Why Not 2-Year Conditional Green Cards for Refugees?

By Nayla Rush on September 26, 2017

As FY 2017 is coming to an end, President Trump's is expected to announce the FY 2018 refugee admissions ceiling. The presidential determination could be as low as 40,000 following the Department of Homeland Security recent recommendation. (The Wall Street Journal is reporting that the White House has settled on a ceiling of 45,000.)

Refugee admissions numbers matter of course. But, as I wrote a couple of weeks ago, reforming the U.S. refugee resettlement program should go beyond admission numbers.

One course of action could be to give resettled refugees two-year conditional green cards instead of 10-year permanent ones.

Despite the 1951 Refugee Convention's call for a prompt naturalization of refugees, many European countries have not facilitated the citizenship process for refugees. The U.S. could follow suit.

Currently, resettled refugees are required by law to apply for a green card (legal permanent residence) one year after admission. They can apply for citizenship four years later (not five, because the five-year residency clock for refugees starts on the day of arrival). The green card is a 10-year renewable card that offers almost all the benefits of a U.S. citizenship except for the right to vote and hold public office.

Here's what I suggest: Instead of giving resettled refugees the 10-year green cards, why not give them a two-year Conditional Permanent Residence? U.S. Citizenship and Immigration Services (USCIS) explains the conditional process:

A conditional permanent resident receives a green card valid for 2 years. In order to remain a permanent resident, a conditional permanent resident must file a petition to remove the condition during the 90 days before the card expires. The conditional card cannot be renewed. The conditions must be removed or you will lose your permanent resident status.

The 2-year period allows for a reevaluation of cases after which either a permanent residency status (10-year renewable green cards) is granted or an order for removal issued.

This 2-year non-renewable green card is currently given to, among others, aliens married to a U.S. citizen. To remove the conditions on a green card based on marriage, aliens need to prove to authorities that they entered the marriage in good faith and did not get married to evade U.S. immigration laws.
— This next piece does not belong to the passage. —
(* Suppose that (A1) and (V4') hold, and let $\theta^*\in\mathbb{R}^d$ satisfy $\bar f(\theta^* )=0$. Then there are positive constants $\delta_1$, $b$ and $c$ such that every solution of $\frac{d}{dt}\vartheta_t=\bar f(\vartheta_t)$ satisfies, with $\tilde\vartheta_t=\vartheta_t-\theta^*$, $$\|\tilde\vartheta_t\|\le b\|\tilde\vartheta_0\|e^{-\delta_1t}\qquad\text{for all } 0\le t\le\tau_c,\quad \tau_c=\min\{t\ge0:\|\tilde\vartheta_t\|\le c\}.$$
   Context: $\bar f\colon\mathbb{R}^d\to\mathbb{R}^d$ is the mean vector field of a QSA ODE $\frac{d}{dt}\Theta_t=\alpha f(\Theta_t,\xi_t)$, where $\xi_t$ is an almost periodic probing signal and $\bar f(\theta)$ is the time average of $f(\theta,\xi_t)$. (A1): there is $L_f<\infty$ with $\|\bar f(\theta')-\bar f(\theta)\|\le L_f\|\theta'-\theta\|$ and $\|f(\theta',\xi)-f(\theta,\xi)\|+\|f(\theta,\xi')-f(\theta,\xi)\|\le L_f[\|\theta'-\theta\|+\|\xi'-\xi\|]$ for all arguments. (V4'): there exist $V\colon\mathbb{R}^d\to\mathbb{R}_+$ and constants $L_V<\infty$, $\delta_0,\delta,T>0$ such that $|V(\theta')-V(\theta)|\le L_V\|\theta'-\theta\|$ for all $\theta,\theta'$, $V(\theta)\ge\|\theta\|$ when $\|\theta\|\ge\delta_0^{-1}$, and every solution of $\frac{d}{dt}\vartheta=\bar f(\vartheta)$ satisfies $V(\vartheta_{\tau+T})-V(\vartheta_\tau)\le-\delta\|\vartheta_\tau\|$ for all $\tau\ge0$ with $\|\vartheta_\tau\|>\delta^{-1}$. If the set defining $\tau_c$ is empty, $\tau_c=\infty$. *)

theory Defs
  imports "HOL-Analysis.Analysis"
begin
This is not to doubt the good faith of refugees in general. But the reevaluation of cases some three years after resettlement in the United States could be helpful on many levels. It would afford an extra layer of vetting and could help uncover false asylum claims that went through the cracks or spot early radicalization trends. It would also help reveal real motivations (including opportunistic stands) and determine whether the integration process is well under way.

Furthermore, this three-year window might be a chance for refugees to reconsider their stay. Refugees might find life in the U.S. too hard or too different, or simply feel homesick. The situation in their home countries could have also evolved, making return possible.

The outcomes and motivations to naturalize differ from one migrant to another. For some, as Dr. Marteen Peter Vink from Maastricht University observes, naturalization does not equate with assimilation but instead facilitates return migration to the country of origin or out-migration to another destination. Dual citizenship in this context allows for circular mobility to take place.

This could be the case of Australia's unwanted refugees resettled in the United States (the first 25 of whom have left for the U.S.) under a deal made by the outgoing Obama administration and carried out by President Trump. Most were not keen on coming to the United States to begin with; Australia was and still is their preferred destination (for many, family members were already settled there). What prevents those resettled refugees from taking advantage of the American system and going to Australia as American citizens five years from now?

The same applies to Syrian refugees who ache to go back to Syria, like Firas al Ahmad, a 30-year-old Syrian mechanic resettled in Dallas with his wife and kids. Let's listen to him on the eve of his departure to the U.S.: "Syria is everything, it is everything to me. The minute the war is over I will go back. Even now I wish it would end today, before we leave, so that we could go home." Such emotions are not surprising early on. But is a change of heart certain?

Humanitarian assistance is necessary, but granting the most advanced legal status in an expedited manner to refugees who have suffered great losses is not. It is best to allow for wounds to heal and desires to progress.